If you were curious as to whether they would let you bring a frying pan and a couple of eggs into the Australian Open, the answer seems to be a resounding yes.
We are still awaiting word on bacon, though.
What we have here is someone who is either trying to be clever or sate his hunger—perhaps both. Either way, the real question is how this picture could possibly be devoid of bacon, a breakfast staple.
The second thought might be how one gets through the turnstile with all the fixings for brunch. Our previous assumption that only hobbits carry cooking utensils around seems to be horribly unfounded.
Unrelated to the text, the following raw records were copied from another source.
theorem lemma4p3:
  fixes q \<rho> v :: real
  assumes "0 < q" "q < 1" "0 < \<rho>" "0 < v" "v < 1"
  shows "\<exists>c1 c2. 0 < c1 \<and> 0 < c2 \<and>
    (\<forall>(M::'a measure) \<omega>. is_PPP M (intensity q \<rho>) \<omega> \<longrightarrow>
      (\<forall>(y::int \<times> int) (l::nat).
         measure M {s \<in> space M. hfun v (\<omega> s) y > enat l} \<le> c1 * exp (- c2 * real l)))"
proof -
  define t where "t = v / 2"
  define r where "r = step_mgf q t / exp (t * v)"
  define c1 where "c1 = \<rho> * (exp t / t / (1 - r)^2)"
  define c2 where "c2 = t * (1 - v)"
  have "0 < t" using assms by (simp add: t_def)
  moreover have "r < 1"
    using step_mgf_lt_exp_speed[of q v] assms by (simp add: r_def t_def divide_less_eq)
  ultimately have "0 < c1" "0 < c2" using assms by (auto simp: c1_def c2_def)
  moreover have "measure M {s \<in> space M. hfun v (\<omega> s) y > enat l} \<le> c1 * exp (- c2 * real l)"
    if ppp: "is_PPP M (intensity q \<rho>) \<omega>" for M :: "'a measure" and \<omega> y and l :: nat
  proof -
    obtain y1 y2 where y: "y = (y1, y2)" by (cases y)
    let ?S = "Wcross v (y1, y2) \<inter> Wcross v (y1 + int l, y2 + int l)"
    have bound: "intensity q \<rho> ?S \<le> ennreal (c1 * exp (- c2 * real l))"
      using intensity_crossing_bound[of q \<rho> v y1 y2 l] assms by (simp add: t_def r_def c1_def c2_def)
    then have "intensity q \<rho> ?S < \<infinity>" by (simp add: le_less_trans)
    then have "measure M {s \<in> space M. hfun v (\<omega> s) y > enat l} \<le> enn2real (intensity q \<rho> ?S)"
      using hfun_gt_imp_charged[where v = v and y = y and l = l] unfolding y
      by (intro PPP_hit_prob_le_intensity[OF ppp] sets.Int Wcross_sets) auto
    also have "\<dots> \<le> c1 * exp (- c2 * real l)"
      using bound \<open>0 < c1\<close> by (intro enn2real_leI) auto
    finally show ?thesis .
  qed
  ultimately show ?thesis by blast
qed

end
(* Let $\epsilon>0$ be sufficiently small. Consider 4 players where players 3 and 4 have the uniform (Lebesgue) valuation on $[0,1]$; player 1 has a nonatomic valuation giving value $\frac12-\epsilon$ to $(0,\epsilon)$, $3\epsilon$ to $(\frac34,\frac34+3\epsilon)$, $\frac12-2\epsilon$ to $(1-\epsilon,1)$, and $0$ elsewhere; player 2 has a nonatomic valuation giving value $3\epsilon$ to $(\epsilon,2\epsilon)$, $\frac12-2\epsilon$ to $(\frac14-\epsilon,\frac14)$, $\frac12-\epsilon$ to $(\frac12,\frac12+\epsilon)$, and $0$ elsewhere. Then every envy-free complete connected division has egalitarian welfare at most $\frac14+2\epsilon$, while the partial division giving $(0,2\epsilon)$ to player 1, $(2\epsilon,\frac12)$ to player 3, $(\frac12,\frac12+\epsilon)$ to player 2, $(\frac12+\epsilon,1-\epsilon)$ to player 4 (discarding $(1-\epsilon,1)$) is envy-free with every player receiving utility at least $\frac12-2\epsilon$. Hence this instance exhibits an egalitarian $\alpha$-dumping paradox with $\alpha=\frac{2-8\epsilon}{1+8\epsilon}$.
   Context: A (connected) division for players $1,\dots,n$ of the cake $[0,1]$ is a sequence $(X_1,\dots,X_n)$ of pairwise disjoint open intervals (possibly empty), $X_i$ being player $i$'s piece; it is complete if the union of the closures of the $X_i$ equals $[0,1]$, and partial otherwise. Each player $i$ has a valuation $v_i$, a nonatomic probability measure on $[0,1]$; $u_i(x,j)=v_i(X_j)$. A division is envy-free if $u_i(x,i)\ge u_i(x,j)$ for all $i,j$. Egalitarian welfare: $eg(x)=\min_i u_i(x,i)$. For $\alpha>1$, an instance exhibits an egalitarian $\alpha$-dumping paradox if there is an envy-free partial division $y$ with $eg(y)\ge\alpha\,eg(x)$ for every envy-free complete division $x$. *)

theory Defs
  imports "HOL-Probability.Probability"
begin

definition valuation :: "real measure \<Rightarrow> bool" where
  "valuation M \<longleftrightarrow> prob_space M \<and> space M = {0..1}
     \<and> sets M = sets (restrict_space borel {0..1})
     \<and> (\<forall>x\<in>{0..1}. measure M {x} = 0)"

definition uniform01 :: "real measure" where
  "uniform01 = restrict_space lborel {0..1}"

definition division :: "nat \<Rightarrow> (nat \<Rightarrow> real set) \<Rightarrow> bool" where
  "division n X \<longleftrightarrow>
     (\<forall>i\<in>{1..n}. \<exists>a b. 0 \<le> a \<and> a \<le> b \<and> b \<le> 1 \<and> X i = {a<..<b})
   \<and> (\<forall>i\<in>{1..n}. \<forall>j\<in>{1..n}. i \<noteq> j \<longrightarrow> X i \<inter> X j = {})"

definition complete_div :: "nat \<Rightarrow> (nat \<Rightarrow> real set) \<Rightarrow> bool" where
  "complete_div n X \<longleftrightarrow> (\<Union>i\<in>{1..n}. closure (X i)) = {0..1}"

definition util :: "(nat \<Rightarrow> real measure) \<Rightarrow> (nat \<Rightarrow> real set) \<Rightarrow> nat \<Rightarrow> nat \<Rightarrow> real" where
  "util v X i j = measure (v i) (X j)"

definition envy_free :: "(nat \<Rightarrow> real measure) \<Rightarrow> nat \<Rightarrow> (nat \<Rightarrow> real set) \<Rightarrow> bool" where
  "envy_free v n X \<longleftrightarrow> (\<forall>i\<in>{1..n}. \<forall>j\<in>{1..n}. util v X i i \<ge> util v X i j)"

definition eg :: "(nat \<Rightarrow> real measure) \<Rightarrow> nat \<Rightarrow> (nat \<Rightarrow> real set) \<Rightarrow> real" where
  "eg v n X = Min ((\<lambda>i. util v X i i) ` {1..n})"

definition eg_dumping_paradox :: "(nat \<Rightarrow> real measure) \<Rightarrow> nat \<Rightarrow> real \<Rightarrow> bool" where
  "eg_dumping_paradox v n \<alpha> \<longleftrightarrow> \<alpha> > 1 \<and>
     (\<exists>y. division n y \<and> \<not> complete_div n y \<and> envy_free v n y \<and>
        (\<forall>x. division n x \<and> complete_div n x \<and> envy_free v n x \<longrightarrow> eg v n y \<ge> \<alpha> * eg v n x))"

end

theory Submission
  imports Defs
begin

(* Suppose a complete envy-free connected division gave everyone more than
   1/4 + 2e.  Then the uniform players hold intervals longer than 1/4 + 2e, and a player who does
   not envy a disjoint piece values it at most 1/2.  Looking at who holds the endpoints of the
   cake: a uniform piece at the right end would contain two of player 1's blocks (worth 1/2 + e
   to her), a uniform piece at the left end two of player 2's blocks, and player 2 at the right
   end would leave her piece past 1/2 + 4e, where she values nothing.  So player 1 ends at 1 and
   player 2 starts at 0, the uniform pieces fill a gap of length > 1/2 + 4e between them, player 2
   must reach beyond 1/4 - e, and then player 1's piece is worth at most 1/2 - 2e to her while
   player 2's contains (0,e), worth 1/2 - e to player 1: envy.

   Lower bound.  The explicit partial division throwing away (1-e,1) is envy-free and gives
   everybody at least 1/2 - 2e; the ratio (1/2 - 2e)/(1/4 + 2e) is the claimed alpha. *)

lemma valuation_sets:
  assumes "valuation M" "A \<in> sets borel" "A \<subseteq> {0..1}"
  shows "A \<in> sets M"
  using assms by (auto simp: valuation_def sets_restrict_space_iff)

lemma valuation_Ioo_sets: "valuation M \<Longrightarrow> 0 \<le> a \<Longrightarrow> b \<le> 1 \<Longrightarrow> {a<..<b} \<in> sets M"
  by (rule valuation_sets) auto

lemma valuation_finite_measure: "valuation M \<Longrightarrow> finite_measure M"
  unfolding valuation_def by (auto intro: prob_space.finite_measure)

lemma (in finite_measure) measure_le_cover_null:
  assumes "A \<subseteq> B \<union> Z" "B \<in> sets M" "Z \<in> sets M" "measure M Z = 0"
  shows "measure M A \<le> measure M B"
proof -
  have "measure M A \<le> measure M (B \<union> Z)"
    using assms by (intro finite_measure_mono) auto
  also have "\<dots> \<le> measure M B + measure M Z"
    using assms by (intro measure_Un_le) auto
  finally show ?thesis using assms(4) by simp
qed

lemma (in finite_measure) measure_disjoint_le:
  assumes "A \<in> sets M" "B \<in> sets M" "A \<inter> B = {}" "A \<union> B \<subseteq> C" "C \<in> sets M"
  shows "measure M A + measure M B \<le> measure M C"
  using assms finite_measure_Union finite_measure_mono by metis

lemma (in prob_space) unenvied_disjoint_le_half:
  assumes "A \<in> events" "B \<in> events" "A \<inter> B = {}" "prob B \<le> prob A"
  shows "prob B \<le> 1/2"
proof -
  have "prob A + prob B \<le> 1"
    using finite_measure_Union[OF assms(1-3)] prob_le_1[of "A \<union> B"] by simp
  with assms(4) show ?thesis by linarith
qed

lemma uniform01_Ioo: "0 \<le> a \<Longrightarrow> a \<le> b \<Longrightarrow> b \<le> 1 \<Longrightarrow> measure uniform01 {a<..<b} = b - a"
  unfolding uniform01_def by (subst measure_restrict_space) auto

lemma disjoint_Ioo_ordered:
  fixes a b c d :: real
  assumes "a < b" "c < d" "{a<..<b} \<inter> {c<..<d} = {}"
  shows "b \<le> c \<or> d \<le> a"
proof (rule ccontr)
  assume "\<not> (b \<le> c \<or> d \<le> a)"
  with assms(1,2) have "(max a c + min b d) / 2 \<in> {a<..<b} \<inter> {c<..<d}"
    by (auto simp: max_def min_def)
  with assms(3) show False by blast
qed

lemma closure_Ioo_subset: "closure {a<..<b} \<subseteq> {a..(b::real)}"
  by (cases "a < b") auto

lemma eg_le_util: "i \<in> {1..n} \<Longrightarrow> eg v n X \<le> util v X i i"
  unfolding eg_def by (rule Min_le) auto

lemma eg_ge: "1 \<le> n \<Longrightarrow> (\<And>i. i \<in> {1..n} \<Longrightarrow> c \<le> util v X i i) \<Longrightarrow> c \<le> eg v n X"
  unfolding eg_def by (subst Min_ge_iff) auto

locale dumping_instance =
  fixes e :: real and v :: "nat \<Rightarrow> real measure"
  assumes e_pos: "0 < e" and e_small: "e < 1/100"
    and val1: "valuation (v 1)" and val2: "valuation (v 2)"
    and uniform3: "v 3 = uniform01" and uniform4: "v 4 = uniform01"
    and v1_head: "measure (v 1) {0<..<e} = 1/2 - e"
    and v1_mid: "measure (v 1) {3/4<..<3/4 + 3*e} = 3*e"
    and v1_tail: "measure (v 1) {1-e<..<1} = 1/2 - 2*e"
    and v1_rest: "measure (v 1) ({0..1} - ({0<..<e} \<union> {3/4<..<3/4 + 3*e} \<union> {1-e<..<1})) = 0"
    and v2_head: "measure (v 2) {e<..<2*e} = 3*e"
    and v2_mid: "measure (v 2) {1/4-e<..<1/4} = 1/2 - 2*e"
    and v2_tail: "measure (v 2) {1/2<..<1/2+e} = 1/2 - e"
    and v2_rest: "measure (v 2) ({0..1} - ({e<..<2*e} \<union> {1/4-e<..<1/4} \<union> {1/2<..<1/2+e})) = 0"
begin

definition null1 :: "real set" where
  "null1 = {0..1} - ({0<..<e} \<union> {3/4<..<3/4 + 3*e} \<union> {1-e<..<1})"

definition null2 :: "real set" where
  "null2 = {0..1} - ({e<..<2*e} \<union> {1/4-e<..<1/4} \<union> {1/2<..<1/2+e})"

lemma value1_le_cover: "A \<subseteq> B \<union> null1 \<Longrightarrow> B \<in> sets (v 1) \<Longrightarrow> measure (v 1) A \<le> measure (v 1) B"
proof (rule finite_measure.measure_le_cover_null[OF valuation_finite_measure[OF val1]])
  show "null1 \<in> sets (v 1)" unfolding null1_def by (rule valuation_sets[OF val1]) auto
  show "measure (v 1) null1 = 0" unfolding null1_def by (rule v1_rest)
qed

lemma value2_le_cover: "A \<subseteq> B \<union> null2 \<Longrightarrow> B \<in> sets (v 2) \<Longrightarrow> measure (v 2) A \<le> measure (v 2) B"
proof (rule finite_measure.measure_le_cover_null[OF valuation_finite_measure[OF val2]])
  show "null2 \<in> sets (v 2)" unfolding null2_def by (rule valuation_sets[OF val2]) auto
  show "measure (v 2) null2 = 0" unfolding null2_def by (rule v2_rest)
qed

lemma value1_two_blocks:
  assumes "{3/4<..<3/4 + 3*e} \<union> {1-e<..<1} \<subseteq> S" "S \<in> sets (v 1)"
  shows "1/2 + e \<le> measure (v 1) S"
proof -
  have "measure (v 1) {3/4<..<3/4 + 3*e} + measure (v 1) {1-e<..<1} \<le> measure (v 1) S"
    using assms e_pos e_small
    by (intro finite_measure.measure_disjoint_le[OF valuation_finite_measure[OF val1]]
        valuation_Ioo_sets[OF val1]) auto
  then show ?thesis using v1_mid v1_tail by simp
qed

lemma value2_two_blocks:
  assumes "{e<..<2*e} \<union> {1/4-e<..<1/4} \<subseteq> S" "S \<in> sets (v 2)"
  shows "1/2 + e \<le> measure (v 2) S"
proof -
  have "measure (v 2) {e<..<2*e} + measure (v 2) {1/4-e<..<1/4} \<le> measure (v 2) S"
    using assms e_pos e_small
    by (intro finite_measure.measure_disjoint_le[OF valuation_finite_measure[OF val2]]
        valuation_Ioo_sets[OF val2]) auto
  then show ?thesis using v2_head v2_mid by simp
qed

definition dumped :: "nat \<Rightarrow> real set" where
  "dumped = (\<lambda>i. if i = 1 then {0<..<2*e}
                  else if i = 2 then {1/2<..<1/2+e}
                  else if i = 3 then {2*e<..<1/2}
                  else if i = 4 then {1/2+e<..<1-e} else {})"

lemma dumped_pieces:
  "dumped 1 = {0<..<2*e}" "dumped 2 = {1/2<..<1/2+e}"
  "dumped 3 = {2*e<..<1/2}" "dumped 4 = {1/2+e<..<1-e}"
  by (simp_all add: dumped_def)

lemma dumped_division: "division 4 dumped"
proof -
  have "i \<in> {1..4} \<Longrightarrow> \<exists>a b. 0 \<le> a \<and> a \<le> b \<and> b \<le> 1 \<and> dumped i = {a<..<b}" for i :: nat
  proof -
    assume "i \<in> {1..4}"
    then consider "i = 1" | "i = 2" | "i = 3" | "i = 4" by fastforce
    then show ?thesis
    proof cases
      case 1 then show ?thesis using e_pos e_small by (intro exI[of _ 0] exI[of _ "2*e"]) (simp add: dumped_def)
    next
      case 2 then show ?thesis using e_pos e_small by (intro exI[of _ "1/2"] exI[of _ "1/2+e"]) (simp add: dumped_def)
    next
      case 3 then show ?thesis using e_pos e_small by (intro exI[of _ "2*e"] exI[of _ "1/2"]) (simp add: dumped_def)
    next
      case 4 then show ?thesis using e_pos e_small by (intro exI[of _ "1/2+e"] exI[of _ "1-e"]) (simp add: dumped_def)
    qed
  qed
  moreover have "i \<in> {1..4} \<Longrightarrow> j \<in> {1..4} \<Longrightarrow> i \<noteq> j \<Longrightarrow> dumped i \<inter> dumped j = {}"
    for i j :: nat
    using e_pos e_small by (auto simp: dumped_def numeral_eq_Suc le_Suc_eq)
  ultimately show ?thesis unfolding division_def by blast
qed

lemma dumped_partial: "\<not> complete_div 4 dumped"
proof
  assume "complete_div 4 dumped"
  then have "1 - e/2 \<in> (\<Union>i\<in>{1..4}. closure (dumped i))"
    using e_pos e_small by (auto simp: complete_div_def)
  then obtain i :: nat where "i \<in> {1..4}" "1 - e/2 \<in> closure (dumped i)" by blast
  with closure_Ioo_subset show False
    using e_pos e_small
    by (auto simp: dumped_def numeral_eq_Suc le_Suc_eq split: if_splits dest!: subsetD)
qed

lemma dumped_values1:
  "1/2 - e \<le> measure (v 1) (dumped 1)" "measure (v 1) (dumped 2) \<le> 0"
  "measure (v 1) (dumped 3) \<le> 0" "measure (v 1) (dumped 4) \<le> 3*e"
proof -
  have "measure (v 1) {0<..<e} \<le> measure (v 1) (dumped 1)"
    unfolding dumped_pieces using e_pos e_small
    by (intro finite_measure.finite_measure_mono[OF valuation_finite_measure[OF val1]]
        valuation_Ioo_sets[OF val1]) auto
  then show "1/2 - e \<le> measure (v 1) (dumped 1)" using v1_head by simp
  show "measure (v 1) (dumped 2) \<le> 0" "measure (v 1) (dumped 3) \<le> 0"
    unfolding dumped_pieces using e_pos e_small
    by (auto simp: null1_def intro!: value1_le_cover[of _ "{}", simplified])
  have "measure (v 1) (dumped 4) \<le> measure (v 1) {3/4<..<3/4 + 3*e}"
    unfolding dumped_pieces using e_pos e_small
    by (intro value1_le_cover valuation_Ioo_sets[OF val1]) (auto simp: null1_def)
  then show "measure (v 1) (dumped 4) \<le> 3*e" using v1_mid by simp
qed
Essentially, the security at Hisense Arena is fairly relaxed.
Now, as for the temperature, NDTV reports heat reached 42 degrees Celsius, or 108 Fahrenheit, necessitating the roof to be closed after the first set because of the Australian Open's "extreme heat policy."
CNN's Jethro Mullen reports things may get a tad bit hotter heading into the weekend, because temperatures could reach 44 degrees Celsius (111 degrees Fahrenheit) in the coming days.
Yeah man, but it's a dry heat.
Sports Illustrated's Courtney Nguyen paints a pretty grim picture when it comes to the scorching heat athletes and fans have to deal with in Melbourne, reporting, "a ball kid fainted and a Canadian qualifier who also collapsed on the court blasted the tournament for playing through “inhumane” conditions."
Caroline Wozniacki remarked, "I put the [water] bottle down on the court and it started melting a little bit underneath — the plastic — so you knew it was warm."
OK, so it's hot enough to melt plastic, but can it sizzle your eggs enough to satisfy a nonchalant food critic?
Here is a BBC host attempting to fry an egg in Death Valley, Calif. as temperatures loom around 52 degrees Celsius.
As you can see, you are at best going to get a slow-cooked egg, which is probably as unappetizing as it sounds, or worse, you might get some lukewarm raw eggs.
LiveScience's Nicholas Gerbis breaks it down further:
Denaturation accounts for why egg whites change from transparent to opaque when you cook them, and the process cannot kick off below around 158 degrees F (70 C).
Let’s stack the deck in favor of the myth. The hottest temperature ever recorded on Earth was 134 degrees Fahrenheit (56.7 degrees Celsius) was actually recorded in Death Valley on July 10, 1913 (declared so in September, 2012). That’s not hot enough to cook an egg, but it’s also not as far off as it sounds. Sidewalks, after all, often blaze hotter than the surrounding air because they store heat and release it in an every-changing energy balance.
Still, Gerbis contends the extra stored heat isn't enough to properly cook your egg, even in that remarkable condition.
So now you know that taking eggs into the Australian Open, while hilarious, is a pretty awful way to prepare the most important meal of the day.
As long as it takes your mind off the heat, we say it's worth it though.